Start of Records

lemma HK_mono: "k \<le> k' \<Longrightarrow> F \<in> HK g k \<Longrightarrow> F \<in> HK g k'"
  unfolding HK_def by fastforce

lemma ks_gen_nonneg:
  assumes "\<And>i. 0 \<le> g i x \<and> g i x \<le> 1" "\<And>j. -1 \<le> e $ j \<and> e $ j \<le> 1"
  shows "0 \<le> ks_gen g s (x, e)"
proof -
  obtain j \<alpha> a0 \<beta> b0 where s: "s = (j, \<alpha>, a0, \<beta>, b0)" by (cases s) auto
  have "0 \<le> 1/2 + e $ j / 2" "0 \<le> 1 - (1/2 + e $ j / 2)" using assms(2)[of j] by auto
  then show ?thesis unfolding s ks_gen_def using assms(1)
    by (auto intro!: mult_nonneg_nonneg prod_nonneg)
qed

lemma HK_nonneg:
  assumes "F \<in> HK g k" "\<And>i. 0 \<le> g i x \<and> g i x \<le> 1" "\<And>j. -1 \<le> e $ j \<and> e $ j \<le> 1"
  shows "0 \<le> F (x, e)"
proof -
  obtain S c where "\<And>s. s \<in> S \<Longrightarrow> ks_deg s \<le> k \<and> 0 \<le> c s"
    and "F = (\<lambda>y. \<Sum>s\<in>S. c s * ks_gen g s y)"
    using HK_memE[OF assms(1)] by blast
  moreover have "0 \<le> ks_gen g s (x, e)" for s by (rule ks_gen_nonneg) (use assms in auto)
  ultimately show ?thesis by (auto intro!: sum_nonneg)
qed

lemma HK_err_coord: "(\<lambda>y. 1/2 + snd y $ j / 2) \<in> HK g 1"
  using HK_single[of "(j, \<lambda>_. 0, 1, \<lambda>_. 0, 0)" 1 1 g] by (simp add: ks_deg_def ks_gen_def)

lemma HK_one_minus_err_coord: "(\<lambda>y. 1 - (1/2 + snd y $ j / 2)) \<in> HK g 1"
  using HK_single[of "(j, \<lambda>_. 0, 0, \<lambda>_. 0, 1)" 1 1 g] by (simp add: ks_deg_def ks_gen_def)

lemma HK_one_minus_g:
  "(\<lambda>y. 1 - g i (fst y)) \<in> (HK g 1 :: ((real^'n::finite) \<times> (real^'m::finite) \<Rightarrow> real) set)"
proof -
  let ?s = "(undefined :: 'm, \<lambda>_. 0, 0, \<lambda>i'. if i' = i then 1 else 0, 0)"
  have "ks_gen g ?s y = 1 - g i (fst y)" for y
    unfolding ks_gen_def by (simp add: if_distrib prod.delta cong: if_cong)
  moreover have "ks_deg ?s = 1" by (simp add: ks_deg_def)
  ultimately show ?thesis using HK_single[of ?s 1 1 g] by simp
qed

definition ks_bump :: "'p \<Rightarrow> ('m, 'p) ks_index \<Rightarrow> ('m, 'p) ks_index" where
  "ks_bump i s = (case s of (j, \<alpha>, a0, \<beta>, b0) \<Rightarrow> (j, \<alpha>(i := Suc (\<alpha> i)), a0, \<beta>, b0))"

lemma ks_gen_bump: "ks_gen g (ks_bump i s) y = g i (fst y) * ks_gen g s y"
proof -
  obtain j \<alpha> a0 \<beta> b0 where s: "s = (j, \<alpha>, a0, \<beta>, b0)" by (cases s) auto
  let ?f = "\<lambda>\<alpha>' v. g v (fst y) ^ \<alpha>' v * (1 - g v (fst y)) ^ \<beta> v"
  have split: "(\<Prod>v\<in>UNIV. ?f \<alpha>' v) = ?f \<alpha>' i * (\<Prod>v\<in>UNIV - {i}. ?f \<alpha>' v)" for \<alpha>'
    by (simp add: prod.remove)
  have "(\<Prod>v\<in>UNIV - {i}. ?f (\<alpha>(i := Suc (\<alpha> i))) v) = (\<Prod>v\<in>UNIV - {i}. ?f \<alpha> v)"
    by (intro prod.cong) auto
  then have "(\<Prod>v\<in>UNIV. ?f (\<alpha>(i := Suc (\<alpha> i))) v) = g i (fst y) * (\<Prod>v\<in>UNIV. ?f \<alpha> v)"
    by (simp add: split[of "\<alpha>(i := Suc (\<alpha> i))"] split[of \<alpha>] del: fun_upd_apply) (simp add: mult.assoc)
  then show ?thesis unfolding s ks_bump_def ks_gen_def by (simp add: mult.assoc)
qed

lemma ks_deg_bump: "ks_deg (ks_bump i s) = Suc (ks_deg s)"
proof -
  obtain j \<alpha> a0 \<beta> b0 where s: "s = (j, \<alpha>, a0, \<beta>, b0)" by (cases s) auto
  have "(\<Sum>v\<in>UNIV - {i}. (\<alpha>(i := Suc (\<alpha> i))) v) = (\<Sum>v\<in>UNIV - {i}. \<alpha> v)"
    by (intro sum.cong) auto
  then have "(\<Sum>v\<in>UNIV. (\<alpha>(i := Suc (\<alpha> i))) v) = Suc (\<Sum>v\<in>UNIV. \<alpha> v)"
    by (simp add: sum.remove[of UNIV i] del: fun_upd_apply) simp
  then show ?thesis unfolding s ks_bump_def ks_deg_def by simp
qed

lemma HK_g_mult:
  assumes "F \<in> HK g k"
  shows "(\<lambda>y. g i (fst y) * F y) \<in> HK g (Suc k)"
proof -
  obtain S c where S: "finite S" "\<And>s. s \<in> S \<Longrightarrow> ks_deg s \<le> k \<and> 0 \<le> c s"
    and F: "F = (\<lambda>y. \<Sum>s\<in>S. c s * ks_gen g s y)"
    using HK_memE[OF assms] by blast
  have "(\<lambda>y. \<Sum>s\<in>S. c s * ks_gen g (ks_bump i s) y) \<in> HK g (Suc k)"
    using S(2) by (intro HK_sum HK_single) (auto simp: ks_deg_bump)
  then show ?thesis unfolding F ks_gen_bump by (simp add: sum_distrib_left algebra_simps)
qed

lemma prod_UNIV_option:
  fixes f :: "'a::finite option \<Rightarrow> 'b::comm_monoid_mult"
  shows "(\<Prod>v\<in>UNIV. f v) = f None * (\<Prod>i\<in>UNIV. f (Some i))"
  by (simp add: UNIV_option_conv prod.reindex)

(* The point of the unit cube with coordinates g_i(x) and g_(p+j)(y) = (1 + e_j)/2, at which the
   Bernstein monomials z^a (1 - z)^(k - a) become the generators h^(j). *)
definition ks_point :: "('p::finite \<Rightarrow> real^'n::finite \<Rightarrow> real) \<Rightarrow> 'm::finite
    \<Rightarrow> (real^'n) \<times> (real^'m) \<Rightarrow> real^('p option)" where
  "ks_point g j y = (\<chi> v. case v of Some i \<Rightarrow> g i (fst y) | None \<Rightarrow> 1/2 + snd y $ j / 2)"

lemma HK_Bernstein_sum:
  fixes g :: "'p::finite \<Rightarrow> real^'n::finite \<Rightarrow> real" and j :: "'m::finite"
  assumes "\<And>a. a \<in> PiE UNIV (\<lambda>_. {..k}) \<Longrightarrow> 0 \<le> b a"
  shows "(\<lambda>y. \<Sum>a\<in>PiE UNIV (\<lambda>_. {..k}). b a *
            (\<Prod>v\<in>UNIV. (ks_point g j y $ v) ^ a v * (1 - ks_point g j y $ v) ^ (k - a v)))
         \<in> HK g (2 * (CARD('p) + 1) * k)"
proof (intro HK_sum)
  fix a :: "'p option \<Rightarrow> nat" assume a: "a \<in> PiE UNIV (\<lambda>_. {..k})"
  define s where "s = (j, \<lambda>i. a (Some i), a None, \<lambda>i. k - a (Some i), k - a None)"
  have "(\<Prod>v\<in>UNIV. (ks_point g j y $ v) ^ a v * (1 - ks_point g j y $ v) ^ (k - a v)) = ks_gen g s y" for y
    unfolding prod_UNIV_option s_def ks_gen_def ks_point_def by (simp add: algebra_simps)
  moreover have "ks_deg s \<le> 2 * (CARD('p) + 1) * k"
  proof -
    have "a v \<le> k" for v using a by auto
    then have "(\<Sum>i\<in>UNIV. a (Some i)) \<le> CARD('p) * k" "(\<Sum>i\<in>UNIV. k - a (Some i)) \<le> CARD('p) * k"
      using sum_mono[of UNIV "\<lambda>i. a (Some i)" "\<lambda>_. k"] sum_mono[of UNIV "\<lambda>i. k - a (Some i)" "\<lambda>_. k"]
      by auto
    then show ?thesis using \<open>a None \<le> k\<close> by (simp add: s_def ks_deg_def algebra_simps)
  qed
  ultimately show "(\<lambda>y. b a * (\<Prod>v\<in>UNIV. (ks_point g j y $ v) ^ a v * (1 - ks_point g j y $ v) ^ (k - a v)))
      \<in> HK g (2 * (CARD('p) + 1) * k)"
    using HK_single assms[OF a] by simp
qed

End of Records

* _Work instruction_: Copy all lines above where "None" is present.

* _Response below_:
  shows "(\<Prod>v\<in>UNIV. f v) = f None * (\<Prod>i\<in>UNIV. f (Some i))"
  "ks_point g j y = (\<chi> v. case v of Some i \<Rightarrow> g i (fst y) | None \<Rightarrow> 1/2 + snd y $ j / 2)"
  define s where "s = (j, \<lambda>i. a (Some i), a None, \<lambda>i. k - a (Some i), k - a None)"
    then show ?thesis using \<open>a None \<le> k\<close> by (simp add: s_def ks_deg_def algebra_simps)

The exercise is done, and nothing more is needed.